Your assignment :: Word for word, please restate the lines from the beginning of the data through the line in which "using near \<open>z0" appears.

Records for the exercise ::

lemma uniformly_ergodic_approx:
  fixes F :: "'q \<Rightarrow> complex^'k \<Rightarrow> 'a::{banach,second_countable_topology}"
  assumes cont: "\<And>\<theta>. continuous_on \<Omega> (F \<theta>)"
    and approx: "\<And>e. 0 < e \<Longrightarrow> \<exists>G. uniformly_ergodic G \<and> (\<forall>\<theta>. \<forall>z\<in>\<Omega>. norm (F \<theta> z - G \<theta> z) \<le> e)"
  shows "uniformly_ergodic F"
  unfolding uniformly_ergodic_def
proof (intro conjI allI cont uniform_limitI)
  fix e :: real assume "0 < e"
  then obtain G where G: "uniformly_ergodic G" and close: "\<And>\<theta> z. z \<in> \<Omega> \<Longrightarrow> norm (F \<theta> z - G \<theta> z) \<le> e / 4"
    using approx[of "e / 4"] by auto
  have "\<forall>\<^sub>F R in at_top. \<forall>\<theta>. \<forall>z0\<in>\<Omega>. dist (time_avg (G \<theta>) R z0) (\<integral>z. G \<theta> z \<partial>\<pi>) < e / 2"
    by (rule uniformly_ergodicD(2)[OF G]) (use \<open>0 < e\<close> in simp)
  then show "\<forall>\<^sub>F R in at_top. \<forall>x\<in>UNIV \<times> \<Omega>. dist (time_avg (F (fst x)) R (snd x)) (\<integral>z. F (fst x) z \<partial>\<pi>) < e"
  proof (rule eventually_mono, safe)
    fix R and \<theta> :: 'q and z0
    assume near: "\<forall>\<theta>. \<forall>z0\<in>\<Omega>. dist (time_avg (G \<theta>) R z0) (\<integral>z. G \<theta> z \<partial>\<pi>) < e / 2" and "z0 \<in> \<Omega>"
    have "dist (time_avg (F \<theta>) R z0) (\<integral>z. F \<theta> z \<partial>\<pi>) \<le> 2 * (e / 4) + dist (time_avg (G \<theta>) R z0) (\<integral>z. G \<theta> z \<partial>\<pi>)"
      by (rule dist_time_avg_integral_le[OF cont uniformly_ergodicD(1)[OF G] \<open>z0 \<in> \<Omega>\<close> close[of _ \<theta>]])
    moreover have "dist (time_avg (G \<theta>) R z0) (\<integral>z. G \<theta> z \<partial>\<pi>) < e / 2"
      using near \<open>z0 \<in> \<Omega>\<close> by blast
    ultimately show "dist (time_avg (F (fst (\<theta>, z0))) R (snd (\<theta>, z0))) (\<integral>z. F (fst (\<theta>, z0)) z \<partial>\<pi>) < e"
      by simp
  qed
qed
lemma has_real_derivative_separation_sum:
  fixes s1 s2 r1 r2 r3 :: "real \<Rightarrow> real"
  assumes "(r3 has_real_derivative (s2 t * r1 t - s1 t * r2 t)) (at t)" and "r3 t \<noteq> 0"
  shows "((\<lambda>t. 2*b/r3 t^2) has_real_derivative
           separation_sum_rate b (s1 t) (s2 t) (r1 t) (r2 t) (r3 t)) (at t)"
  using assms unfolding separation_sum_rate_def
  by (auto intro!: derivative_eq_intros simp: field_simps power2_eq_square power3_eq_cube)

lemma has_real_derivative_separation_product:
  fixes s1 s2 s3 r1 r2 r3 :: "real \<Rightarrow> real"
  assumes "(s1 has_real_derivative (s2 t * s3 t + r2 t * r3 t - b * r2 t / r3 t ^ 3)) (at t)"
    and "(s2 has_real_derivative (- s1 t * s3 t + r1 t * r3 t + b * r1 t / r3 t ^ 3)) (at t)"
    and "(r3 has_real_derivative (s2 t * r1 t - s1 t * r2 t)) (at t)"
    and "r3 t \<noteq> 0"
  shows "((\<lambda>t. 2*b*(s1 t^2 + s2 t^2 + b/r3 t^2)/r3 t^2 - k) has_real_derivative
           separation_product_rate b (s1 t) (s2 t) (r1 t) (r2 t) (r3 t)) (at t)"
  using assms unfolding separation_product_rate_def
  by (auto intro!: derivative_eq_intros
           simp: field_simps power2_eq_square power3_eq_cube power4_eq_xxxx)

lemma DERIV_unique_on_open:
  assumes "open I" and "t \<in> I" and "\<And>s. s \<in> I \<Longrightarrow> f s = g s"
    and "(f has_real_derivative F) (at t)" and "(g has_real_derivative G) (at t)"
  shows "F = G"
proof -
  have "(g has_real_derivative F) (at t)"
    using has_field_derivative_transform_within_open[OF assms(4,1,2)] assms(3) by blast
  then show ?thesis using assms(5) by (rule DERIV_unique)
qed

text \<open>In the variable n = (w - u)/q^2 of a separation root w, the first hypothesis is the
  separation equation combined with K = k, and the last factor of the conclusion is
  n - w + 2h.\<close>

lemma separation_polynomial_identity:
  fixes n s1 s2 s3 r1 r2 q :: real
  assumes "n^2*q^2 + 2*(s1^2 + s2^2)*n - 2*(s1^2 - s2^2) - q^2 = 0"
    and "r1^2 + r2^2 + q^2 = 1" and "s1*r1 + s2*r2 + s3*q = 0"
  shows "2*((s1*r2 + s2*r1) + (s2*r1 - s1*r2)*n)^2
           + (n^2 - 1)*q^2*(n*(1 - q^2) + 2*s3^2 + r1^2 - r2^2) = 0"
  using assms by algebra

lemma goryachev_W_at_separation_root:
  fixes b s1 s2 s3 r1 r2 q w :: real
  assumes q: "q \<noteq> 0" and \<Gamma>: "r1^2 + r2^2 + q^2 = 1" and L: "s1*r1 + s2*r2 + s3*q = 0"
    and H: "goryachev_H b s1 s2 s3 r1 r2 q = h" and K: "goryachev_K b s1 s2 s3 r1 r2 q = k"
    and root: "w^2 - (2*b/q^2)*w + (2*b*(s1^2 + s2^2 + b/q^2)/q^2 - k) = 0"
  shows "b*(w * separation_sum_rate b s1 s2 r1 r2 q - separation_product_rate b s1 s2 r1 r2 q)^2
           = - goryachev_W b h k w"
proof -
  define u where "u = s1^2 + s2^2 + b/q^2"
  define n where "n = (w - u)/q^2"
  define E where "E = n*(1 - q^2) + 2*s3^2 + r1^2 - r2^2"
  have w: "w = u + n*q^2" using q by (simp add: n_def)
  have "w^2 - (2*b/q^2)*w + (2*b*u/q^2 - k) = w^2 - 2*b*n - k"
    using q by (simp add: n_def field_simps)
  then have k: "k = w^2 - 2*b*n" using root by (simp add: u_def)
  have k': "k = u^2 + 2*q^2*(s1^2 - s2^2) + q^4"
    using K by (simp add: goryachev_K_def u_def)
  have h: "2*h = u + 2*s3^2 + r1^2 - r2^2"
    using H unfolding goryachev_H_def u_def
    by (simp add: algebra_simps add_divide_distrib diff_divide_distrib)
  have "q^2*(n^2*q^2 + 2*(s1^2 + s2^2)*n - 2*(s1^2 - s2^2) - q^2) = 0"
  proof -
    have "q^2*(n^2*q^2 + 2*(s1^2 + s2^2)*n - 2*(s1^2 - s2^2) - q^2) = w^2 - 2*b*n - k"
      unfolding k' w u_def using q by (simp add: field_simps power2_eq_square power4_eq_xxxx)
    then show ?thesis using k by simp
  qed
  then have "n^2*q^2 + 2*(s1^2 + s2^2)*n - 2*(s1^2 - s2^2) - q^2 = 0" using q by simp
  then have poly: "2*((s1*r2 + s2*r1) + (s2*r1 - s1*r2)*n)^2 = - ((n^2 - 1)*q^2*E)"
    using separation_polynomial_identity[OF _ \<Gamma> L] unfolding E_def by fastforce
  have "n - w + 2*h = E"
    unfolding E_def w h by (simp add: algebra_simps)
  moreover have "goryachev_W b h k w = 8*b^3*(n^2 - 1)*(n - w + 2*h)"
    unfolding goryachev_W_def k by (simp add: algebra_simps power2_eq_square power3_eq_cube)
  ultimately have W: "goryachev_W b h k w = 8*b^3*(n^2 - 1)*E" by simp
  have rate: "w * separation_sum_rate b s1 s2 r1 r2 q - separation_product_rate b s1 s2 r1 r2 q
                = -4*b/q*((s1*r2 + s2*r1) + (s2*r1 - s1*r2)*n)"
    unfolding separation_sum_rate_def separation_product_rate_def w u_def[symmetric] using q
    by (simp add: field_simps power2_eq_square power3_eq_cube)
  have "b*(-4*b/q*((s1*r2 + s2*r1) + (s2*r1 - s1*r2)*n))^2
          = 8*b^3/q^2 * (2*((s1*r2 + s2*r1) + (s2*r1 - s1*r2)*n)^2)"
    using q by (simp add: field_simps power2_eq_square power3_eq_cube)
  also have "\<dots> = - goryachev_W b h k w"
    unfolding poly W using q by (simp add: field_simps power2_eq_square)
  finally show ?thesis unfolding rate .
qed

lemma separation_pair_root:
  assumes "separation_pair b k s1 s2 q x y" and "w = x \<or> w = y"
  shows "w^2 - (2*b/q^2)*w + (2*b*(s1^2 + s2^2 + b/q^2)/q^2 - k) = 0"
proof -
  have "w^2 - (x + y)*w + x*y = 0"
    using assms(2) by (auto simp: power2_eq_square algebra_simps)
  then show ?thesis using assms(1) by (simp add: separation_pair_def Let_def)
qed

lemma separation_velocity_squares:
  fixes b s1 s2 s3 r1 r2 q x y dx dy :: real
  assumes q: "q \<noteq> 0" and \<Gamma>: "r1^2 + r2^2 + q^2 = 1" and L: "s1*r1 + s2*r2 + s3*q = 0"
    and H: "goryachev_H b s1 s2 s3 r1 r2 q = h" and K: "goryachev_K b s1 s2 s3 r1 r2 q = k"
    and sep: "separation_pair b k s1 s2 q x y"
    and sum_rate: "dx + dy = separation_sum_rate b s1 s2 r1 r2 q"
    and product_rate: "x*dy + dx*y = separation_product_rate b s1 s2 r1 r2 q"
  shows "b*((x - y)*dx)^2 = - goryachev_W b h k x"
    and "b*((x - y)*dy)^2 = - goryachev_W b h k y"
proof -
  let ?S = "separation_sum_rate b s1 s2 r1 r2 q" and ?P = "separation_product_rate b s1 s2 r1 r2 q"
  have W: "b*(w*?S - ?P)^2 = - goryachev_W b h k w" if "w = x \<or> w = y" for w
    using goryachev_W_at_separation_root[OF q \<Gamma> L H K separation_pair_root[OF sep that]] .
  have "(x - y)*dx = x*?S - ?P" and "(x - y)*dy = - (y*?S - ?P)"
    unfolding sum_rate[symmetric] product_rate[symmetric] by (simp_all add: algebra_simps)
  then show "b*((x - y)*dx)^2 = - goryachev_W b h k x"
    and "b*((x - y)*dy)^2 = - goryachev_W b h k y"
    by (simp_all only: power2_minus W[OF disjI1[OF refl]] W[OF disjI2[OF refl]])
qed

lemma separation_rates_along_flow:
  fixes s1 s2 s3 r1 r2 r3 x y :: "real \<Rightarrow> real"
  assumes "open I" and t: "t \<in> I"
    and sep: "\<forall>s\<in>I. separation_pair b k (s1 s) (s2 s) (r3 s) (x s) (y s)"
    and x': "(x has_real_derivative dx) (at t)" and y': "(y has_real_derivative dy) (at t)"
    and s1': "(s1 has_real_derivative (s2 t * s3 t + r2 t * r3 t - b * r2 t / r3 t ^ 3)) (at t)"
    and s2': "(s2 has_real_derivative (- s1 t * s3 t + r1 t * r3 t + b * r1 t / r3 t ^ 3)) (at t)"
    and r3': "(r3 has_real_derivative (s2 t * r1 t - s1 t * r2 t)) (at t)"
    and "r3 t \<noteq> 0"
  shows "dx + dy = separation_sum_rate b (s1 t) (s2 t) (r1 t) (r2 t) (r3 t)"
    and "x t * dy + dx * y t = separation_product_rate b (s1 t) (s2 t) (r1 t) (r2 t) (r3 t)"
proof -
  have sum: "x s + y s = 2*b/r3 s^2"
   and prod: "x s * y s = 2*b*(s1 s^2 + s2 s^2 + b/r3 s^2)/r3 s^2 - k" if "s \<in> I" for s
    using sep that unfolding separation_pair_def Let_def by auto
  show "dx + dy = separation_sum_rate b (s1 t) (s2 t) (r1 t) (r2 t) (r3 t)"
  proof (rule DERIV_unique_on_open[OF \<open>open I\<close> t, of "\<lambda>s. x s + y s" "\<lambda>s. 2*b/r3 s^2"])
    show "((\<lambda>s. x s + y s) has_real_derivative dx + dy) (at t)"
      using x' y' by (auto intro!: derivative_eq_intros)
  qed (use sum r3' \<open>r3 t \<noteq> 0\<close> has_real_derivative_separation_sum in auto)
  show "x t * dy + dx * y t = separation_product_rate b (s1 t) (s2 t) (r1 t) (r2 t) (r3 t)"
  proof (rule DERIV_unique_on_open[OF \<open>open I\<close> t, of "\<lambda>s. x s * y s"
        "\<lambda>s. 2*b*(s1 s^2 + s2 s^2 + b/r3 s^2)/r3 s^2 - k"])
    show "((\<lambda>s. x s * y s) has_real_derivative x t * dy + dx * y t) (at t)"
      using x' y' by (auto intro!: derivative_eq_intros)
  qed (use prod s1' s2' r3' \<open>r3 t \<noteq> 0\<close> has_real_derivative_separation_product in auto)
qed

lemma signed_sqrt_of_scaled_square:
  fixes b v w :: real
  assumes b: "b > 0" and sq: "b*v^2 = -w"
  shows "w \<le> 0 \<and> (\<exists>\<sigma>\<in>{-1, 1}. v = (\<sigma> / sqrt b) * sqrt (-w))"
proof
  show "w \<le> 0" using sq b by (metis neg_0_le_iff_le zero_le_mult_iff zero_le_power2 less_le)
  have "sqrt (-w) = sqrt b * \<bar>v\<bar>" using b by (simp add: sq[symmetric] real_sqrt_mult)
  then have "v = (sgn v / sqrt b) * sqrt (-w)" using b by (simp add: sgn_mult_abs)
  then show "\<exists>\<sigma>\<in>{-1, 1}. v = (\<sigma> / sqrt b) * sqrt (-w)"
    using sq by (cases "v = 0") (auto simp: sgn_if split: if_splits intro: bexI[of _ 1])
qed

Output for this task ::
lemma uniformly_ergodic_approx:
  fixes F :: "'q \<Rightarrow> complex^'k \<Rightarrow> 'a::{banach,second_countable_topology}"
  assumes cont: "\<And>\<theta>. continuous_on \<Omega> (F \<theta>)"
    and approx: "\<And>e. 0 < e \<Longrightarrow> \<exists>G. uniformly_ergodic G \<and> (\<forall>\<theta>. \<forall>z\<in>\<Omega>. norm (F \<theta> z - G \<theta> z) \<le> e)"
  shows "uniformly_ergodic F"
  unfolding uniformly_ergodic_def
proof (intro conjI allI cont uniform_limitI)
  fix e :: real assume "0 < e"
  then obtain G where G: "uniformly_ergodic G" and close: "\<And>\<theta> z. z \<in> \<Omega> \<Longrightarrow> norm (F \<theta> z - G \<theta> z) \<le> e / 4"
    using approx[of "e / 4"] by auto
  have "\<forall>\<^sub>F R in at_top. \<forall>\<theta>. \<forall>z0\<in>\<Omega>. dist (time_avg (G \<theta>) R z0) (\<integral>z. G \<theta> z \<partial>\<pi>) < e / 2"
    by (rule uniformly_ergodicD(2)[OF G]) (use \<open>0 < e\<close> in simp)
  then show "\<forall>\<^sub>F R in at_top. \<forall>x\<in>UNIV \<times> \<Omega>. dist (time_avg (F (fst x)) R (snd x)) (\<integral>z. F (fst x) z \<partial>\<pi>) < e"
  proof (rule eventually_mono, safe)
    fix R and \<theta> :: 'q and z0
    assume near: "\<forall>\<theta>. \<forall>z0\<in>\<Omega>. dist (time_avg (G \<theta>) R z0) (\<integral>z. G \<theta> z \<partial>\<pi>) < e / 2" and "z0 \<in> \<Omega>"
    have "dist (time_avg (F \<theta>) R z0) (\<integral>z. F \<theta> z \<partial>\<pi>) \<le> 2 * (e / 4) + dist (time_avg (G \<theta>) R z0) (\<integral>z. G \<theta> z \<partial>\<pi>)"
      by (rule dist_time_avg_integral_le[OF cont uniformly_ergodicD(1)[OF G] \<open>z0 \<in> \<Omega>\<close> close[of _ \<theta>]])
    moreover have "dist (time_avg (G \<theta>) R z0) (\<integral>z. G \<theta> z \<partial>\<pi>) < e / 2"
      using near \<open>z0 \<in> \<Omega>\<close> by blast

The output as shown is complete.